MARY LOU CONNELLY: As a nurse, I know that I would not want the responsibility that we expect some family members to take about providing care to their loved ones, and that's scary, too. If I think that I couldn't handle it as a health care professional, then what business do I have expecting other people who have no knowledge of health care to, in fact, do what I wouldn't want to do?

NARRATOR: The Deutches are not an isolated case. Around the country, state legislatures have begun passing laws requiring HMOs to pay for longer stays in the hospital.

ART DEUTSCH: Can you imagine how this God damn government has to pass a law so a woman that has a mastectomy can stay in the hospital one more day? Ridiculous. When a woman has a cesarean, she can't stay in for two days? Only one day? Come on! My wife had a hip operation. They forced her out of the hospital in three days, and to this day she can't walk properly. They have everything like this, and the average person can't do a damn thing.

NARRATOR: With patients going home faster, hospitals are increasingly filled with only the very sick, a situation which puts more and more pressure on hospital staff.

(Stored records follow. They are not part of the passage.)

lemma countable_gen_level: "countable H \<Longrightarrow> countable (gen_level G H n)"
  by (induction n) auto

lemma generate_subset_gen_levels: "generate G H \<subseteq> (\<Union>n. gen_level G H n)"
proof
  fix x assume "x \<in> generate G H"
  then show "x \<in> (\<Union>n. gen_level G H n)"
  proof (induction rule: generate.induct)
    case (eng h1 h2)
    then obtain m n where "h1 \<in> gen_level G H m" "h2 \<in> gen_level G H n" by blast
    then have "h1 \<in> gen_level G H (max m n)" "h2 \<in> gen_level G H (max m n)"
      using gen_level_mono[of m "max m n" G H] gen_level_mono[of n "max m n" G H] by auto
    then have "h1 \<otimes>\<^bsub>G\<^esub> h2 \<in> gen_level G H (Suc (max m n))" by force
    then show ?case by blast
  qed (auto intro: exI[of _ 0])
qed

lemma countable_generate: "countable H \<Longrightarrow> countable (generate G H)"
  by (rule countable_subset[OF generate_subset_gen_levels])
    (intro countable_UN countable_gen_level, auto)

lemma open_adj_carrier: "open_adj G S \<omega> u v \<Longrightarrow> u \<in> carrier G \<and> v \<in> carrier G"
  by (simp add: open_adj_def)

lemma symp_open_adj: "symp (open_adj G S \<omega>)"
  by (rule sympI) (auto simp: open_adj_def)

lemma cluster_self: "u \<in> carrier G \<Longrightarrow> u \<in> cluster G S \<omega> u"
  by (simp add: cluster_def)

lemma cluster_subset_carrier: "cluster G S \<omega> u \<subseteq> carrier G"
  by (auto simp: cluster_def)

lemma cluster_eq:
  assumes "v \<in> cluster G S \<omega> u"
  shows "cluster G S \<omega> v = cluster G S \<omega> u"
proof -
  have uv: "(open_adj G S \<omega>)\<^sup>*\<^sup>* u v" using assms by (simp add: cluster_def)
  then have vu: "(open_adj G S \<omega>)\<^sup>*\<^sup>* v u" by (rule sympD[OF symp_rtranclp[OF symp_open_adj]])
  show ?thesis unfolding cluster_def using rtranclp_trans[OF uv] rtranclp_trans[OF vu] by blast
qed

definition is_translate ::
    "('g, 'b) monoid_scheme \<Rightarrow> 'g list \<Rightarrow> 'g \<Rightarrow> ((nat \<times> 'g) \<Rightarrow> bool) \<Rightarrow> ((nat \<times> 'g) \<Rightarrow> bool) \<Rightarrow> bool"
  where "is_translate G S g \<omega> \<omega>' \<longleftrightarrow>
    (\<forall>i < length S. \<forall>h \<in> carrier G. \<omega>' (i, g \<otimes>\<^bsub>G\<^esub> h) = \<omega> (i, h))"

context group
begin

lemma translate_translate_inv:
  "g \<in> carrier G \<Longrightarrow> C \<subseteq> carrier G \<Longrightarrow> (\<lambda>v. g \<otimes> v) ` (\<lambda>v. inv g \<otimes> v) ` C = C"
  by (force simp: image_image m_assoc[symmetric] intro: image_cong)

lemma infinite_translate:
  "g \<in> carrier G \<Longrightarrow> C \<subseteq> carrier G \<Longrightarrow> infinite ((\<lambda>v. g \<otimes> v) ` C) \<longleftrightarrow> infinite C"
  using finite_imageD[OF _ inj_on_subset] inj_on_cmult[of g] by blast

lemma config_act_is_translate: "g \<in> carrier G \<Longrightarrow> is_translate G S g \<omega> (config_act G S g \<omega>)"
  by (simp add: is_translate_def config_act_def cayley_edges_def m_assoc[symmetric])

lemma is_translate_inv:
  assumes "g \<in> carrier G" "is_translate G S g \<omega> \<omega>'"
  shows "is_translate G S (inv g) \<omega>' \<omega>"
  unfolding is_translate_def
proof (intro allI impI ballI)
  fix i h assume "i < length S" "h \<in> carrier G"
  then have "\<omega>' (i, g \<otimes> (inv g \<otimes> h)) = \<omega> (i, inv g \<otimes> h)"
    using assms unfolding is_translate_def by simp
  then show "\<omega> (i, inv g \<otimes> h) = \<omega>' (i, h)"
    using \<open>h \<in> carrier G\<close> assms(1) by (simp add: m_assoc[symmetric])
qed

lemma is_translate_adj:
  assumes "set S \<subseteq> carrier G" "g \<in> carrier G" "is_translate G S g \<omega> \<omega>'" "open_adj G S \<omega> u v"
  shows "open_adj G S \<omega>' (g \<otimes> u) (g \<otimes> v)"
proof -
  from assms(4) obtain i where uv: "u \<in> carrier G" "v \<in> carrier G" and i: "i < length S"
    "(\<omega> (i, u) \<and> v = u \<otimes> S ! i) \<or> (\<omega> (i, v) \<and> u = v \<otimes> S ! i)"
    unfolding open_adj_def by blast
  have "S ! i \<in> carrier G" using i(1) assms(1) nth_mem by blast
  then show ?thesis
    using i uv assms(2,3) unfolding open_adj_def is_translate_def by (auto simp: m_assoc)
qed

lemma is_translate_rtranclp:
  assumes "set S \<subseteq> carrier G" "g \<in> carrier G" "is_translate G S g \<omega> \<omega>'"
    and "(open_adj G S \<omega>)\<^sup>*\<^sup>* u v"
  shows "(open_adj G S \<omega>')\<^sup>*\<^sup>* (g \<otimes> u) (g \<otimes> v)"
  using assms(4)
  by (induction rule: rtranclp_induct) (auto dest: is_translate_adj[OF assms(1-3)])

lemma is_translate_cluster_subset:
  assumes "set S \<subseteq> carrier G" "g \<in> carrier G" "is_translate G S g \<omega> \<omega>'" "u \<in> carrier G"
  shows "(\<lambda>v. g \<otimes> v) ` cluster G S \<omega> u \<subseteq> cluster G S \<omega>' (g \<otimes> u)"
  using is_translate_rtranclp[OF assms(1-3)] assms(2) by (auto simp: cluster_def)

lemma is_translate_cluster:
  assumes S: "set S \<subseteq> carrier G" and g: "g \<in> carrier G"
    and tr: "is_translate G S g \<omega> \<omega>'" and u: "u \<in> carrier G"
  shows "cluster G S \<omega>' (g \<otimes> u) = (\<lambda>v. g \<otimes> v) ` cluster G S \<omega> u"
proof
  have "(\<lambda>v. inv g \<otimes> v) ` cluster G S \<omega>' (g \<otimes> u) \<subseteq> cluster G S \<omega> (inv g \<otimes> (g \<otimes> u))"
    using is_translate_cluster_subset[OF S _ is_translate_inv[OF g tr]] g u by simp
  also have "inv g \<otimes> (g \<otimes> u) = u" using g u by (simp add: m_assoc[symmetric])
  finally have "(\<lambda>v. g \<otimes> v) ` (\<lambda>v. inv g \<otimes> v) ` cluster G S \<omega>' (g \<otimes> u)
      \<subseteq> (\<lambda>v. g \<otimes> v) ` cluster G S \<omega> u" by (rule image_mono)
  then show "cluster G S \<omega>' (g \<otimes> u) \<subseteq> (\<lambda>v. g \<otimes> v) ` cluster G S \<omega> u"
    using translate_translate_inv[OF g cluster_subset_carrier] by simp
qed (rule is_translate_cluster_subset[OF S g tr u])

end

lemma C_inf_memD: "(x, C) \<in> C_inf G S M \<pi> \<Longrightarrow> x \<in> space M \<and> C \<subseteq> carrier G \<and> infinite C"
  by (auto simp: C_inf_def clusters_def cluster_def)

text \<open>A family of infinite clusters is Borel iff membership is decided by a measurable set of
  encodings; this uses that the encoding is injective on sets of vertices.\<close>
lemma borel_in_C_inf_iff:
  "borel_in_C_inf G S M \<pi> A \<longleftrightarrow> A \<subseteq> C_inf G S M \<pi> \<and>
     (\<exists>B \<in> sets (M \<Otimes>\<^sub>M PiM (carrier G) (\<lambda>_. count_space UNIV)).
        \<forall>p \<in> C_inf G S M \<pi>. p \<in> A \<longleftrightarrow> encode_pair G p \<in> B)"
proof -
  have inj: "inj_on (encode_pair G) (C_inf G S M \<pi>)"
  proof (rule inj_onI, clarify)
    fix x C y D assume "(x, C) \<in> C_inf G S M \<pi>" "(y, D) \<in> C_inf G S M \<pi>"
      and enc: "encode_pair G (x, C) = encode_pair G (y, D)"
    then have "C \<subseteq> carrier G" "D \<subseteq> carrier G" by (auto dest: C_inf_memD)
    moreover have "v \<in> C \<longleftrightarrow> v \<in> D" if "v \<in> carrier G" for v
      using fun_cong[OF arg_cong[OF enc, of snd], of v] that by (simp add: encode_pair_def)
    ultimately show "x = y \<and> C = D" using enc by (auto simp: encode_pair_def)
  qed
  have "encode_pair G ` A = B \<inter> encode_pair G ` C_inf G S M \<pi> \<longleftrightarrow>
      (\<forall>p \<in> C_inf G S M \<pi>. p \<in> A \<longleftrightarrow> encode_pair G p \<in> B)"
    if A: "A \<subseteq> C_inf G S M \<pi>" for B
  proof
    assume eq: "encode_pair G ` A = B \<inter> encode_pair G ` C_inf G S M \<pi>"
    show "\<forall>p \<in> C_inf G S M \<pi>. p \<in> A \<longleftrightarrow> encode_pair G p \<in> B"
    proof
      fix p assume p: "p \<in> C_inf G S M \<pi>"
      then have "p \<in> A \<longleftrightarrow> encode_pair G p \<in> encode_pair G ` A"
        using inj_on_image_mem_iff[OF inj p A] by simp
      then show "p \<in> A \<longleftrightarrow> encode_pair G p \<in> B" using eq p by blast
    qed
  next
    assume "\<forall>p \<in> C_inf G S M \<pi>. p \<in> A \<longleftrightarrow> encode_pair G p \<in> B"
    then show "encode_pair G ` A = B \<inter> encode_pair G ` C_inf G S M \<pi>" using A by auto
  qed
  then show ?thesis unfolding borel_in_C_inf_def by (cases "A \<subseteq> C_inf G S M \<pi>") simp_all
qed

lemma pred_const: "Measurable.pred M (\<lambda>x. P)"
  by (rule measurable_const) simp

text \<open>A subset of \<open>C\<close> is finite iff it lies in some finite subset of \<open>C\<close>; for countable \<open>C\<close>
  this expresses finiteness as a countable Boolean combination of membership events.\<close>
lemma finite_iff_bounded:
  assumes "X \<subseteq> C"
  shows "finite X \<longleftrightarrow> (\<exists>F \<in> {F. finite F \<and> F \<subseteq> C}. \<forall>v \<in> C. v \<in> X \<longrightarrow> v \<in> F)"
proof
  assume "finite X"
  then show "\<exists>F \<in> {F. finite F \<and> F \<subseteq> C}. \<forall>v \<in> C. v \<in> X \<longrightarrow> v \<in> F" using assms by blast
next
  assume "\<exists>F \<in> {F. finite F \<and> F \<subseteq> C}. \<forall>v \<in> C. v \<in> X \<longrightarrow> v \<in> F"
  then obtain F where F: "finite F" "\<forall>v \<in> C. v \<in> X \<longrightarrow> v \<in> F" by blast
  then have "X \<subseteq> F" using assms by blast
  then show "finite X" using F(1) by (rule finite_subset)
qed

locale cluster_setting =
  fixes G (structure) and S :: "'g list" and M :: "'x measure" and act :: "'g \<Rightarrow> 'x \<Rightarrow> 'x"
    and \<pi> :: "'x \<Rightarrow> (nat \<times> 'g) \<Rightarrow> bool"
  assumes is_group: "group G" and S_carrier: "set S \<subseteq> carrier G"
    and S_generates: "generate G (set S) = carrier G"
    and pmp: "pmp_action G M act" and equivariant: "equivariant_map G S M act \<pi>"
begin

interpretation group G by (rule is_group)

text \<open>Countability makes saturations and cluster events countable unions of measurable sets.\<close>
lemma countable_carrier: "countable (carrier G)"
  using countable_generate[of "set S" G] countable_finite[of "set S"] S_generates by simp

lemma act_measurable: "g \<in> carrier G \<Longrightarrow> act g \<in> measurable M M"
  using pmp by (simp add: pmp_action_def)

lemma act_one: "x \<in> space M \<Longrightarrow> act \<one> x = x"
  using pmp by (simp add: pmp_action_def)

CATHY JENKINS, Nurse, UCSD Medical Center: I'd have to say the morale is poor right now, really poor. We just don't have enough help. We're asked to do the impossible a lot of times, and there are no reserves to draw on. People are just stretched to the limit. But if I left here and went anywhere else, I'm not sure the grass would be greener. I see the same thing happening everywhere. As managed care sweeps the country, this is what you're going to see now. If it hasn't hit the east coast yet, it's coming.

NARRATOR: It has already come. Here on the quiet north shore of Massachusetts, most of the HMOs are still not-for-profit, but they have to compete with for-profit HMOs like Foundation Health. And as a result, hospitals here are under just as much pressure to cut costs.

ROBERT R. FANNING, Jr., President, Beverly Hospital: [on the phone] Is that the final offer from Tufts that was put forth?

NARRATOR: Bob Fanning is the CEO of Beverly hospital.

ROBERT R. FANNING: [on the phone] There's no way of moving that forward?

[to interviewer] When we negotiate with many of the managed care plans, we have what I would term little to no leverage. They simply can say, "Look, if you don't like the terms of our contract, we can take our contract and simply give it to one of your competing neighbors."

NARRATOR: But all of Beverly's neighbors are having trouble managing on the reduced income HMOs provide them. Once there was a hospital for almost every town in this area, but today half of them are gone. This office building used to be a hospital. So did this rehab center and this supermarket. Faced with these pressures, Fanning and his vice president, Bob Shafner, have had to take a tough stand to keep their hospital alive.

ROBERT SHAFNER, Executive V.P., Beverly Hospital: We're being asked to do more work, and we're being paid less. You can try to find other sources of revenue, but that's very difficult to do. So our trick is to maintain quality of care on the one side, and try to do it within the resources that we have that we're being paid, the revenues.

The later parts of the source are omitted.